■ Dataset entries
= = = = = = =
lemma has_annihilator_of_order_iff:
  "has_annihilator_of_order h r \<longleftrightarrow> (\<exists>c. c r \<noteq> 0 \<and> apply_diffop r c h = 0)"
proof
  assume "has_annihilator_of_order h r"
  then obtain p q where q: "\<forall>i\<le>r. q i \<noteq> 0" and "p r \<noteq> 0"
    and rel: "(\<Sum>i\<le>r. rat_fls (p i) (q i) * fps_to_fls ((fps_deriv ^^ i) h)) = 0"
    unfolding has_annihilator_of_order_def by blast
  define Q where "Q = (\<Prod>k\<le>r. q k)"
  define c where "c i = p i * (\<Prod>k\<in>{..r} - {i}. q k)" for i
  have c: "rat_fls (c i) 1 = rat_fls Q 1 * rat_fls (p i) (q i)" if "i \<le> r" for i
  proof -
    have "Q = q i * (\<Prod>k\<in>{..r} - {i}. q k)"
      using that by (simp add: Q_def prod.remove)
    moreover have "rat_fls (q i) 1 \<noteq> 0"
      using q that by (simp add: rat_fls_def fps_of_poly_eq_iff[of _ 0, simplified])
    ultimately show ?thesis
      by (simp add: c_def rat_fls_mult_1) (simp add: rat_fls_def)
  qed
  have "fps_to_fls (apply_diffop r c h)
      = rat_fls Q 1 * (\<Sum>i\<le>r. rat_fls (p i) (q i) * fps_to_fls ((fps_deriv ^^ i) h))"
    by (simp add: fps_to_fls_apply_diffop sum_distrib_left c mult.assoc)
  then have "apply_diffop r c h = 0" by (simp add: rel)
  moreover have "c r \<noteq> 0" using \<open>p r \<noteq> 0\<close> q by (simp add: c_def)
  ultimately show "\<exists>c. c r \<noteq> 0 \<and> apply_diffop r c h = 0" by blast
next
  assume "\<exists>c. c r \<noteq> 0 \<and> apply_diffop r c h = 0"
  then obtain c where "c r \<noteq> 0" "apply_diffop r c h = 0" by blast
  then show "has_annihilator_of_order h r"
    unfolding has_annihilator_of_order_def
    by (intro exI[of _ c] exI[of _ "\<lambda>_. 1"]) (simp add: fps_to_fls_apply_diffop[symmetric])
qed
= = = = = = =
■ Exercise goal
Stop after the line containing "(simp add: c_def)": print exactly the lines from the start of the entries above up to it, that line included.

■ Output of the exercise
lemma has_annihilator_of_order_iff:
  "has_annihilator_of_order h r \<longleftrightarrow> (\<exists>c. c r \<noteq> 0 \<and> apply_diffop r c h = 0)"
proof
  assume "has_annihilator_of_order h r"
  then obtain p q where q: "\<forall>i\<le>r. q i \<noteq> 0" and "p r \<noteq> 0"
    and rel: "(\<Sum>i\<le>r. rat_fls (p i) (q i) * fps_to_fls ((fps_deriv ^^ i) h)) = 0"
    unfolding has_annihilator_of_order_def by blast
  define Q where "Q = (\<Prod>k\<le>r. q k)"
  define c where "c i = p i * (\<Prod>k\<in>{..r} - {i}. q k)" for i
  have c: "rat_fls (c i) 1 = rat_fls Q 1 * rat_fls (p i) (q i)" if "i \<le> r" for i
  proof -
    have "Q = q i * (\<Prod>k\<in>{..r} - {i}. q k)"
      using that by (simp add: Q_def prod.remove)
    moreover have "rat_fls (q i) 1 \<noteq> 0"
      using q that by (simp add: rat_fls_def fps_of_poly_eq_iff[of _ 0, simplified])
    ultimately show ?thesis
      by (simp add: c_def rat_fls_mult_1) (simp add: rat_fls_def)
  qed
  have "fps_to_fls (apply_diffop r c h)
      = rat_fls Q 1 * (\<Sum>i\<le>r. rat_fls (p i) (q i) * fps_to_fls ((fps_deriv ^^ i) h))"
    by (simp add: fps_to_fls_apply_diffop sum_distrib_left c mult.assoc)
  then have "apply_diffop r c h = 0" by (simp add: rel)
  moreover have "c r \<noteq> 0" using \<open>p r \<noteq> 0\<close> q by (simp add: c_def)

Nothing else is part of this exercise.